Good voice tech is usually extremely expensive. Nice to see a high-quality option that's actually affordable

Zhizhuo Zhou

@max_chang3 Thanks so much for your support Max!

Helena

@max_chang3 thank you MAXIMILIAN

Jason Yu

🎧 Just gave Fish Audio a spin — and wow, the emotional depth is next level. I’ve played around with other TTS tools before, but they often fall flat when it comes to tone and expressiveness. This one? Feels like it gets the soul of the voice. 😮‍💨

I’m especially impressed by the 10-second voice cloning — tested it with a friend’s audio snippet, and the result was uncanny.

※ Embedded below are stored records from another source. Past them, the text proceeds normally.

(* There is an absolute constant $C$ such that for every $f:\mathcal X\times\mathcal Y\to\{0,1\}$ and every $\delta\in(0,1/8)$, $\log\mathsf{prt}_\delta(f)\le C\log(1/\delta)\cdot\log\mathsf{prt}_{1/8}(f)$.
   Context: A rectangle is $A\times B$ with $A\subseteq\mathcal X,B\subseteq\mathcal Y$. The partition bound $\mathsf{prt}_\epsilon(f)$ is the optimal value of the LP: minimize $\sum_{z}\sum_R w_{z,R}$ over rectangles $R$ and outputs $z$, subject to $\sum_{R\ni(x,y)}w_{f(x,y),R}\ge1-\epsilon$ for all $(x,y)$; $\sum_{R\ni(x,y)}\sum_z w_{z,R}=1$ for all $(x,y)$; $w_{z,R}\ge0$. Logs base 2. *)

theory Defs
  imports Complex_Main
begin

(* Rectangles A \<times> B with A \<subseteq> X, B \<subseteq> Y, represented by the pair (A, B). *)
definition rects :: "'a set \<Rightarrow> 'b set \<Rightarrow> ('a set \<times> 'b set) set" where
  "rects X Y = Pow X \<times> Pow Y"

(* Feasible solutions of the partition-bound LP; outputs z range over bool = {0,1}. *)
definition prt_feasible ::
  "'a set \<Rightarrow> 'b set \<Rightarrow> ('a \<Rightarrow> 'b \<Rightarrow> bool) \<Rightarrow> real
     \<Rightarrow> (bool \<Rightarrow> 'a set \<times> 'b set \<Rightarrow> real) \<Rightarrow> bool" where
  "prt_feasible X Y f eps w \<longleftrightarrow>
     (\<forall>z. \<forall>R\<in>rects X Y. w z R \<ge> 0) \<and>
     (\<forall>x\<in>X. \<forall>y\<in>Y.
        (\<Sum>R\<in>{R\<in>rects X Y. (x, y) \<in> fst R \<times> snd R}. w (f x y) R) \<ge> 1 - eps) \<and>
     (\<forall>x\<in>X. \<forall>y\<in>Y.
        (\<Sum>R\<in>{R\<in>rects X Y. (x, y) \<in> fst R \<times> snd R}. \<Sum>z\<in>UNIV. w z R) = 1)"
lemma dc_mean_eq_mean_inv_index_centralizer:
  assumes mean: "left_invariant_mean G m"
  shows "dc_mean G m = m (\<lambda>y. inv_index G (centralizer G y))"
proof -
  have eq: "inv_index G (centralizer G y) = m (\<lambda>x. if x \<otimes> y = y \<otimes> x then 1 else 0)"
    if y: "y \<in> carrier G" for y
  proof -
    have "inv_index G (centralizer G y) = m (indicator (centralizer G y))"
      by (rule mean_indicator_subgroup[OF mean centralizer_subgroup[OF y], symmetric])
    also have "\<dots> = m (\<lambda>x. if x \<otimes> y = y \<otimes> x then 1 else 0)"
      by (rule mean_cong[OF mean bounded_on_indicator]) (auto simp: centralizer_def)
    finally show ?thesis .
  qed
  have "bounded_on G (\<lambda>y. inv_index G (centralizer G y))"
    by (rule bounded_onI[where B = 1]) (simp add: inv_index_nonneg inv_index_le_one)
  then have "m (\<lambda>y. inv_index G (centralizer G y)) = dc_mean G m"
    unfolding dc_mean_def by (rule mean_cong[OF mean]) (simp add: eq)
  then show ?thesis ..
qed

lemma comm_prob_eq_integral_centralizer:
  assumes p: "set_pmf p \<subseteq> carrier G"
  shows "comm_prob G p = (\<integral>x. measure_pmf.prob p (centralizer G x) \<partial>p)"
proof -
  have "measure_pmf.prob p {y. x \<otimes> y = y \<otimes> x} = measure_pmf.prob p (centralizer G x)"
    if "x \<in> set_pmf p" for x
  proof -
    have "{y. x \<otimes> y = y \<otimes> x} \<inter> set_pmf p = centralizer G x \<inter> set_pmf p"
      using p that by (auto simp: centralizer_def)
    then show ?thesis
      by (metis measure_Int_set_pmf)
  qed
  then show ?thesis
    unfolding comm_prob_def measure_pair_pmf
    by (intro integral_cong_AE) (auto simp: AE_measure_pmf_iff)
qed

lemma comm_prob_minus_integral_inv_index_tendsto_zero:
  assumes M: "measures_index_uniformly G M" "\<And>n. set_pmf (M n) \<subseteq> carrier G"
  shows "(\<lambda>n. comm_prob G (M n) - (\<integral>x. inv_index G (centralizer G x) \<partial>M n)) \<longlonglongrightarrow> 0"
proof (rule LIMSEQ_I)
  fix r :: real assume r: "0 < r"
  then obtain N where N: "\<And>n x H. n \<ge> N \<Longrightarrow> x \<in> carrier G \<Longrightarrow> subgroup H G \<Longrightarrow>
      \<bar>measure_pmf.prob (M n) (x <# H) - inv_index G H\<bar> < r / 2"
    using M(1) unfolding measures_index_uniformly_def by (meson half_gt_zero)
  have "\<bar>comm_prob G (M n) - (\<integral>x. inv_index G (centralizer G x) \<partial>M n)\<bar> \<le> r / 2"
    if n: "n \<ge> N" for n
  proof -
    have "\<bar>measure_pmf.prob (M n) (centralizer G x) - inv_index G (centralizer G x)\<bar> \<le> r / 2"
      if "x \<in> set_pmf (M n)" for x
    proof -
      have x: "x \<in> carrier G"
        using that M(2) by blast
      have "\<one> <# centralizer G x = centralizer G x"
        using centralizer_subgroup[OF x] by (simp add: lcos_mult_one subgroup.subset)
      then show ?thesis
        using N[OF n one_closed centralizer_subgroup[OF x]] by simp
    qed
    then show ?thesis
      unfolding comm_prob_eq_integral_centralizer[OF M(2)]
      by (intro integral_pmf_dist_le[where B = 1])
        (simp_all add: inv_index_nonneg inv_index_le_one)
  qed
  then show "\<exists>N. \<forall>n\<ge>N. norm (comm_prob G (M n) - (\<integral>x. inv_index G (centralizer G x) \<partial>M n) - 0) < r"
    using r by (intro exI[of _ N]) (auto intro: le_less_trans[where y = "r / 2"])
qed

end

theorem proposition7p1:
  fixes G :: "('a, 'b) monoid_scheme" and Z T :: "'a set"
  assumes "group G"
    and "countable (carrier G)"
    and "subgroup Z G" and "Z \<subseteq> center G"
    and "finite (lcosets\<^bsub>G\<^esub> Z)"
    and "left_transversal G Z T"
  shows "(\<forall>m. left_invariant_mean G m \<longrightarrow>
            dc_mean G m = (1 / real (card (lcosets\<^bsub>G\<^esub> Z))) * (\<Sum>t\<in>T. inv_index G (centralizer G t)))
       \<and> (\<forall>M :: nat \<Rightarrow> 'a pmf. (\<forall>n. set_pmf (M n) \<subseteq> carrier G) \<and> measures_index_uniformly G M \<longrightarrow>
            dc_seq G M = ereal ((1 / real (card (lcosets\<^bsub>G\<^esub> Z))) * (\<Sum>t\<in>T. inv_index G (centralizer G t)))
          \<and> (\<lambda>n. comm_prob G (M n)) \<longlonglongrightarrow> (1 / real (card (lcosets\<^bsub>G\<^esub> Z))) * (\<Sum>t\<in>T. inv_index G (centralizer G t)))"
proof -
  interpret group G by fact
  define c where "c x = inv_index G (centralizer G x)" for x
  have c_invariant: "c (x \<otimes>\<^bsub>G\<^esub> z) = c x" if "x \<in> carrier G" "z \<in> Z" for x z
    using centralizer_mult_central[of x z] that assms(4) unfolding c_def by (simp add: subsetD)
  note transversal = assms(3,6) and fin = assms(5)
  have "dc_mean G m = (\<Sum>t\<in>T. c t) / card (lcosets\<^bsub>G\<^esub> Z)" if mean: "left_invariant_mean G m" for m
  proof -
    have "m c = (\<Sum>t\<in>T. c t) / card (lcosets\<^bsub>G\<^esub> Z)"
      by (rule mean_eq_sum_left_transversal[OF transversal mean c_invariant fin])
    then show ?thesis
      using dc_mean_eq_mean_inv_index_centralizer[OF mean] unfolding c_def by simp
  qed
  moreover have "(\<lambda>n. comm_prob G (M n)) \<longlonglongrightarrow> (\<Sum>t\<in>T. c t) / card (lcosets\<^bsub>G\<^esub> Z)"
    if M: "measures_index_uniformly G M" "\<And>n. set_pmf (M n) \<subseteq> carrier G" for M
  proof (rule Lim_transform)
    show "(\<lambda>n. \<integral>x. c x \<partial>M n) \<longlonglongrightarrow> (\<Sum>t\<in>T. c t) / card (lcosets\<^bsub>G\<^esub> Z)"
      by (rule integral_tendsto_sum_left_transversal[OF transversal M c_invariant fin])
    show "(\<lambda>n. comm_prob G (M n) - (\<integral>x. c x \<partial>M n)) \<longlonglongrightarrow> 0"
      using comm_prob_minus_integral_inv_index_tendsto_zero[OF M] unfolding c_def .
  qed
  moreover have "1 / real (card (lcosets\<^bsub>G\<^esub> Z)) * (\<Sum>t\<in>T. inv_index G (centralizer G t))
      = (\<Sum>t\<in>T. c t) / card (lcosets\<^bsub>G\<^esub> Z)"
    unfolding c_def by simp
  ultimately show ?thesis
    unfolding dc_seq_def
    by (auto intro: lim_imp_Limsup[OF trivial_limit_sequentially tendsto_ereal])
qed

Curious: how does it compare with commercial models like ElevenLabs in multilingual scenarios? Have you stress-tested accents or emotion transfer in other languages?

Massive props to the team behind So-VITS-SVC and Bert-VITS2 — open-source + this level of polish is rare. 🔥

Zhizhuo Zhou

@kui_jason Thanks for giving us a spin! We support multilingual by default and they can be mixed in a sentence. We are working hard to get emotion right in more languages!

Owen T

@zhizdev how do you mix multiple languages in a sentence? i've been trying to do that and burning through my credits. use case: travel videos in english narration but correctly saying French/Italian/Chinese attraction names. that's the only thing stopping me from getting the annual subscription!

Helena

@zhizdev  @owen_t Oh hmm that's a great point you're raising, right now it'd be hard cuz depending on the voice model you use it tries to adapt to the speaking patterns of that original accent, which is why S1 captures the voice traits so well. We're working on a newer model with more options to satisfy different use cases including the one you mentioned. Pls stay tuned!